= Pre-determined overhead rate =

Rate used to apply manufacturing overhead to work-in-process inventory

Formula for calculating the Pre-determined Overhead Rate

A pre-determined overhead rate is the rate used to apply manufacturing overhead to work-in-process inventory. The pre-determined overhead rate is calculated before the period begins. The first step is to estimate the amount of the activity base that will be required to support operations in the upcoming period. The second step is to estimate the total manufacturing cost at that level of activity. The third step is to compute the predetermined overhead rate by dividing the estimated total manufacturing overhead costs by the estimated total amount of cost driver or activity base. Common activity bases used in the calculation include direct labor costs, direct labor hours, or machine hours.

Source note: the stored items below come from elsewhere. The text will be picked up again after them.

(* Let $H$ be a separable Hilbert space with inner product $\langle\cdot,\cdot\rangle$ and norm $\|\cdot\|$, and let $A$ be a positive self-adjoint operator on $H$ with compact inverse, with orthonormal eigenfunctions $(w_n)$ and eigenvalues $0<\lambda_1\le\lambda_2\le\cdots$. Let $\mathcal L$ be a Banach space satisfying: (i) for some $\gamma>0$, either $D(A^\gamma)\subset\mathcal L\subset H$ or $H\subset\mathcal L\subset D(A^{-\gamma})$, with continuous inclusions; (ii) there is a constant $C_{\mathcal L}>0$ with $\|e^{-\theta A}u\|_{\mathcal L}\le C_{\mathcal L}\|u\|_{\mathcal L}$ for all $\theta\ge0$ and $u\in\mathcal L$, and $\|e^{-\theta A}u-u\|_{\mathcal L}\to0$ as $\theta\to0^+$ for each $u\in\mathcal L$. For $\theta>0$ set $\Pi_\theta u:=\sum_{\lambda_n<\theta^{-2}}e^{-\theta\lambda_n}\langle u,w_n\rangle w_n$. Then (i) the range of $\Pi_\theta$ is the linear span of finitely many eigenfunctions of $A$, so in particular $\Pi_\theta u\in D(A^\alpha)$ for every $\alpha\in\mathbb R$; and (ii) if $X=\mathcal L$ or $X=D(A^\alpha)$ for any $\alpha\in\mathbb R$, then (a) $\Pi_\theta$ is a bounded operator on $X$, uniformly for $\theta>0$, and (b) for every $u\in X$, $\Pi_\theta u\to u$ in $X$ as $\theta\to0^+$.
   Context: For $\alpha\ge0$, $D(A^\alpha)=\{u=\sum_j\hat u_jw_j:\ \sum_j\lambda_j^{2\alpha}|\hat u_j|^2<\infty\}$ with norm $\|u\|_{D(A^\alpha)}^2=\sum_j\lambda_j^{2\alpha}|\hat u_j|^2$; for $\alpha<0$, $D(A^\alpha)$ is the dual of $D(A^{-\alpha})$, equivalently the completion of finite sums $\sum_j\hat u_jw_j$ in the norm given by the same formula. The semigroup is $e^{-\theta A}u=\sum_j e^{-\theta\lambda_j}\hat u_j w_j$ for $\theta\ge0$, where $\hat u_j=\langle u,w_j\rangle$ (interpreted via the pairing of $D(A^\alpha)$ with $D(A^{-\alpha})$ when $\alpha<0$); the same interpretation of $\langle u,w_n\rangle$ is used in $\Pi_\theta$. *)

theory Defs
  imports "HOL-Analysis.Analysis"
begin

text \<open>Everything is expressed through the spectral data of A: an orthonormal
basis w of H of eigenfunctions and the eigenvalues lam (indexed from 0,
i.e. lam 0 is the paper's lambda_1). Elements of D(A^alpha) (for every real
alpha, including the completions for alpha < 0) are represented by their
coefficient sequences (u_hat j) = (pairing of u with w j).\<close>

type_synonym coeffs = "nat \<Rightarrow> real"

definition coeff :: "(nat \<Rightarrow> 'h::real_inner) \<Rightarrow> 'h \<Rightarrow> coeffs" where
  "coeff w u = (\<lambda>j. inner u (w j))"

definition DomA :: "(nat \<Rightarrow> real) \<Rightarrow> real \<Rightarrow> coeffs set" where
  "DomA lam \<alpha> = {c. summable (\<lambda>j. lam j powr (2 * \<alpha>) * (c j)\<^sup>2)}"

definition normDA :: "(nat \<Rightarrow> real) \<Rightarrow> real \<Rightarrow> coeffs \<Rightarrow> real" where
  "normDA lam \<alpha> c = sqrt (\<Sum>j. lam j powr (2 * \<alpha>) * (c j)\<^sup>2)"

definition semigrp :: "(nat \<Rightarrow> real) \<Rightarrow> real \<Rightarrow> coeffs \<Rightarrow> coeffs" where
  "semigrp lam \<theta> c = (\<lambda>j. exp (- \<theta> * lam j) * c j)"

definition Pi_theta :: "(nat \<Rightarrow> real) \<Rightarrow> real \<Rightarrow> coeffs \<Rightarrow> coeffs" where
  "Pi_theta lam \<theta> c = (\<lambda>j. if lam j < 1 / \<theta>\<^sup>2 then exp (- \<theta> * lam j) * c j else 0)"

definition banach_space_on :: "coeffs set \<Rightarrow> (coeffs \<Rightarrow> real) \<Rightarrow> bool" where
  "banach_space_on L nL \<longleftrightarrow>
     (\<lambda>j. 0) \<in> L \<and>
     (\<forall>x\<in>L. \<forall>y\<in>L. (\<lambda>j. x j + y j) \<in> L) \<and>
     (\<forall>x\<in>L. \<forall>a::real. (\<lambda>j. a * x j) \<in> L) \<and>
     (\<forall>x\<in>L. \<forall>y\<in>L. nL (\<lambda>j. x j + y j) \<le> nL x + nL y) \<and>
     (\<forall>x\<in>L. \<forall>a::real. nL (\<lambda>j. a * x j) = \<bar>a\<bar> * nL x) \<and>
     (\<forall>x\<in>L. nL x = 0 \<longleftrightarrow> x = (\<lambda>j. 0)) \<and>
     (\<forall>X. (\<forall>n. X n \<in> L) \<longrightarrow>
          (\<forall>e>0. \<exists>N. \<forall>m\<ge>N. \<forall>n\<ge>N. nL (\<lambda>j. X m j - X n j) < e) \<longrightarrow>
          (\<exists>x\<in>L. (\<lambda>n. nL (\<lambda>j. X n j - x j)) \<longlonglongrightarrow> 0))"

definition cont_incl :: "coeffs set \<Rightarrow> (coeffs \<Rightarrow> real) \<Rightarrow> coeffs set \<Rightarrow> (coeffs \<Rightarrow> real) \<Rightarrow> bool" where
  "cont_incl S nS T nT \<longleftrightarrow> S \<subseteq> T \<and> (\<exists>K>0. \<forall>c\<in>S. nT c \<le> K * nS c)"

end

theory Submission
  imports Defs "HOL-Real_Asymp.Real_Asymp"
begin

(*
  Coefficientwise, Pi_theta multiplies u_j by exp (-theta lam_j) on the finitely many modes with
  lam_j < theta^-2 and by 0 on all others. This gives (i) at once; and on D(A^alpha) the multipliers
  lie in [0, 1] and tend to 1 as theta -> 0+, so Pi_theta is a contraction there and converges to
  the identity by dominated convergence (Tannery's theorem).

  On L, write Pi_theta = e^(-theta A) - T_theta, where the tail T_theta keeps exp (-theta lam_j) only
  on the modes lam_j >= theta^-2. On those modes lam^gamma exp (-theta lam) <= M min theta 1, so
  T_theta maps D(A^alpha) to D(A^(alpha + gamma)) with norm O(min theta 1). Routing it through the
  continuous inclusions L -> H -> D(A^gamma) -> L, resp. L -> D(A^-gamma) -> H -> L, makes the tail
  O(min theta 1) on L, and the two semigroup hypotheses then give boundedness and convergence.
*)

lemma powr_mult_exp_neg_bounded:
  fixes k :: real
  assumes "0 \<le> k"
  shows "\<exists>M. \<forall>t>0. t powr k * exp (- t) \<le> M"
proof -
  have "((\<lambda>t::real. t powr k * exp (- t)) \<longlongrightarrow> 0) at_top"
    by real_asymp
  then have "eventually (\<lambda>t. t powr k * exp (- t) < 1) at_top"
    by (rule order_tendstoD) simp
  then obtain T where T: "\<And>t. T \<le> t \<Longrightarrow> t powr k * exp (- t) < 1"
    by (auto simp: eventually_at_top_linorder)
  have "t powr k * exp (- t) \<le> max 1 (T powr k)" if "0 < t" for t
  proof (cases "T \<le> t")
    case True
    then show ?thesis using T by fastforce
  next
    case False
    have "t powr k * exp (- t) \<le> T powr k * 1"
      using False that assms by (intro mult_mono powr_mono2) auto
    then show ?thesis by simp
  qed
  then show ?thesis by blast
qed

lemma powr_mult_exp_neg_le_min:
  fixes \<gamma> :: real
  assumes "0 \<le> \<gamma>"
  shows "\<exists>M\<ge>0. \<forall>\<theta>>0. \<forall>l. 1 / \<theta>\<^sup>2 \<le> l \<longrightarrow> l powr \<gamma> * exp (- \<theta> * l) \<le> M * min \<theta> 1"
proof -
  obtain M1 where M1: "\<And>t. 0 < t \<Longrightarrow> t powr (2 * \<gamma>) * exp (- t) \<le> M1"
    using powr_mult_exp_neg_bounded[of "2 * \<gamma>"] assms by auto
  obtain M2 where M2: "\<And>t. 0 < t \<Longrightarrow> t powr (2 * \<gamma> + 1) * exp (- t) \<le> M2"
    using powr_mult_exp_neg_bounded[of "2 * \<gamma> + 1"] assms by auto
  have "0 < 1 powr (2 * \<gamma>) * exp (- 1)" by simp
  then have M_nonneg: "0 \<le> max M1 M2" using M1[of 1] by linarith
  have "l powr \<gamma> * exp (- \<theta> * l) \<le> max M1 M2 * min \<theta> 1"
    if \<theta>: "0 < \<theta>" and l: "1 / \<theta>\<^sup>2 \<le> l" for \<theta> l
  proof -
    (* With t = theta l the hypothesis reads theta t >= 1, hence l <= t^2: so l^gamma e^-t is at most
       t^(2 gamma) e^-t, which is bounded, and at most theta t^(2 gamma + 1) e^-t = O(theta). *)
    define t where "t = \<theta> * l"
    have "0 < 1 / \<theta>\<^sup>2" using \<theta> by simp
    then have "0 < l" using l by linarith
    then have "0 < t" using \<theta> by (simp add: t_def)
    have "1 \<le> \<theta>\<^sup>2 * l" using \<theta> l by (simp add: field_simps)
    then have \<theta>t: "1 \<le> \<theta> * t" by (simp add: t_def power2_eq_square mult.assoc)
    have "t * t = (\<theta> * t) * l" by (simp add: t_def ac_simps)
    moreover have "1 * l \<le> (\<theta> * t) * l" using \<theta>t \<open>0 < l\<close> by (intro mult_right_mono) auto
    ultimately have "l \<le> t * t" by (simp only: mult.left_neutral)
    then have "l powr \<gamma> \<le> (t * t) powr \<gamma>" using \<open>0 < l\<close> assms by (intro powr_mono2) auto
    also have "\<dots> = t powr (2 * \<gamma>)" unfolding powr_mult mult_2 by (rule powr_add[symmetric])
    finally have lt: "l powr \<gamma> * exp (- t) \<le> t powr (2 * \<gamma>) * exp (- t)" by simp
    have bounded: "l powr \<gamma> * exp (- t) \<le> M1" using lt M1[OF \<open>0 < t\<close>] by linarith
    have "t powr (2 * \<gamma>) * exp (- t) \<le> t powr (2 * \<gamma>) * exp (- t) * (\<theta> * t)"
      using mult_left_mono[OF \<theta>t, of "t powr (2 * \<gamma>) * exp (- t)"] by simp
    with lt have "l powr \<gamma> * exp (- t) \<le> t powr (2 * \<gamma>) * exp (- t) * (\<theta> * t)"
      by (rule order_trans)
    also have "\<dots> = \<theta> * (t powr (2 * \<gamma> + 1) * exp (- t))"
      using \<open>0 < t\<close> by (simp add: powr_add)
    also have "\<dots> \<le> \<theta> * M2" using M2[OF \<open>0 < t\<close>] \<theta> by simp
    finally have decay: "l powr \<gamma> * exp (- t) \<le> \<theta> * M2" .
    have "\<theta> * M2 \<le> \<theta> * max M1 M2" using \<theta> by (intro mult_left_mono) auto
    then show ?thesis
      using bounded decay M_nonneg by (auto simp: t_def min_def mult.commute)
  qed
  then show ?thesis using M_nonneg by blast
qed

lemma DomA_normDA_le_if_dominated:
  assumes c: "c \<in> DomA lam \<alpha>" and b: "0 \<le> b"
    and dom: "\<And>j. lam j powr \<beta> * \<bar>d j\<bar> \<le> b * (lam j powr \<alpha> * \<bar>c j\<bar>)"
  shows "d \<in> DomA lam \<beta>" and "normDA lam \<beta> d \<le> b * normDA lam \<alpha> c"
proof -
  have sq: "x powr (2 * a) * y\<^sup>2 = (x powr a * \<bar>y\<bar>)\<^sup>2" for x a y :: real
    unfolding mult_2 powr_add by (simp add: power_mult_distrib power2_eq_square)
  have le: "lam j powr (2 * \<beta>) * (d j)\<^sup>2 \<le> b\<^sup>2 * (lam j powr (2 * \<alpha>) * (c j)\<^sup>2)" for j
    unfolding sq power_mult_distrib[symmetric] by (rule power_mono[OF dom]) simp
  have sc: "summable (\<lambda>j. lam j powr (2 * \<alpha>) * (c j)\<^sup>2)" using c by (simp add: DomA_def)
  then have sbc: "summable (\<lambda>j. b\<^sup>2 * (lam j powr (2 * \<alpha>) * (c j)\<^sup>2))" by (rule summable_mult)
  have sd: "summable (\<lambda>j. lam j powr (2 * \<beta>) * (d j)\<^sup>2)"
    by (rule summable_comparison_test[OF _ sbc]) (use le in auto)
  then show "d \<in> DomA lam \<beta>" by (simp add: DomA_def)
  have "(\<Sum>j. lam j powr (2 * \<beta>) * (d j)\<^sup>2) \<le> b\<^sup>2 * (\<Sum>j. lam j powr (2 * \<alpha>) * (c j)\<^sup>2)"
    using suminf_le[OF le sd sbc] suminf_mult[OF sc] by simp
  then have "normDA lam \<beta> d \<le> sqrt (b\<^sup>2 * (\<Sum>j. lam j powr (2 * \<alpha>) * (c j)\<^sup>2))"
    unfolding normDA_def by (rule real_sqrt_le_mono)
  also have "\<dots> = b * normDA lam \<alpha> c" using b by (simp add: normDA_def real_sqrt_mult)
  finally show "normDA lam \<beta> d \<le> b * normDA lam \<alpha> c" .
qed

lemma normDA_tendsto_0_dominated:
  assumes c: "c \<in> DomA lam \<alpha>" and F: "F \<noteq> bot"
    and lim: "\<And>j. ((\<lambda>x. d x j) \<longlongrightarrow> 0) F"
    and dom: "eventually (\<lambda>x. \<forall>j. \<bar>d x j\<bar> \<le> \<bar>c j\<bar>) F"
  shows "((\<lambda>x. normDA lam \<alpha> (d x)) \<longlongrightarrow> 0) F"
proof -
  have sc: "summable (\<lambda>j. lam j powr (2 * \<alpha>) * (c j)\<^sup>2)" using c by (simp add: DomA_def)
  have term_lim: "((\<lambda>x. lam j powr (2 * \<alpha>) * (d x j)\<^sup>2) \<longlongrightarrow> 0) F" for j
  proof -
    have "((\<lambda>x. (d x j)\<^sup>2) \<longlongrightarrow> 0) F" using tendsto_power[OF lim[of j], of 2] by simp
    then show ?thesis by (rule tendsto_mult_right_zero)
  qed
  have bound: "lam j powr (2 * \<alpha>) * (d x j)\<^sup>2 \<le> lam j powr (2 * \<alpha>) * (c j)\<^sup>2"
    if "\<forall>j. \<bar>d x j\<bar> \<le> \<bar>c j\<bar>" for j x
  proof -
    have "(d x j)\<^sup>2 \<le> (c j)\<^sup>2" using that by (simp add: abs_le_square_iff)
    then show ?thesis by (simp add: mult_left_mono)
  qed
  have "eventually (\<lambda>(j, x). norm (lam j powr (2 * \<alpha>) * (d x j)\<^sup>2) \<le> lam j powr (2 * \<alpha>) * (c j)\<^sup>2)
          (at_top \<times>\<^sub>F F)"
    by (rule eventually_mono[OF eventually_prodI[OF eventually_True dom]]) (auto intro: bound)
  from tannerys_theorem[OF term_lim this sc F]
  have "((\<lambda>x. \<Sum>j. lam j powr (2 * \<alpha>) * (d x j)\<^sup>2) \<longlongrightarrow> 0) F" by simp
  from tendsto_real_sqrt[OF this] show ?thesis by (simp add: normDA_def)
qed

This is related to an activity rate which is a similar calculation used in activity-based costing. A pre-determined overhead rate is normally the term when using a single, plant-wide base to calculate and apply overhead. Overhead is then applied by multiplying the pre-determined overhead rate by the actual driver units. Any difference between applied overhead and the amount of overhead actually incurred is called over- or under-applied overhead.

== Need ==
Instead of using a pre-determined rate based on estimates, businesses can base the overhead rate on the actual total manufacturing overhead cost and the actual total amount of the activity base incurred on a monthly, quarterly, or annual basis. If an actual rate is computed monthly or quarterly, seasonal factors in overhead costs or in the activity base can produce fluctuations in the overhead rate. For example, the costs of heating and cooling a factory in Illinois will be highest in the winter and summer months and lowest in the spring and fall. If the overhead rate is recomputed at the end of each month or each quarter based on actual costs and activity, the overhead rate would go up in the winter and summer and down in the spring and fall. As a result, two identical jobs, one completed in the winter and one completed in the spring, would be assigned different manufacturing overhead costs. Many managers believe that such fluctuations in product costs serve no useful purpose. To avoid such fluctuations, actual overhead rates could be computed on an annual or less-frequent basis. However, if the overhead rate is computed annually based on the actual costs and activity for the year, the manufacturing overhead assigned to any particular job would not be known until the end of the year. For example, the cost of Job 2B47 at Yost Precision Machining would not be known until the end of the year, even though the job will be completed and shipped to the customer in March. For these reasons, most companies use predetermined overhead rates rather than actual overhead rates in their cost accounting systems.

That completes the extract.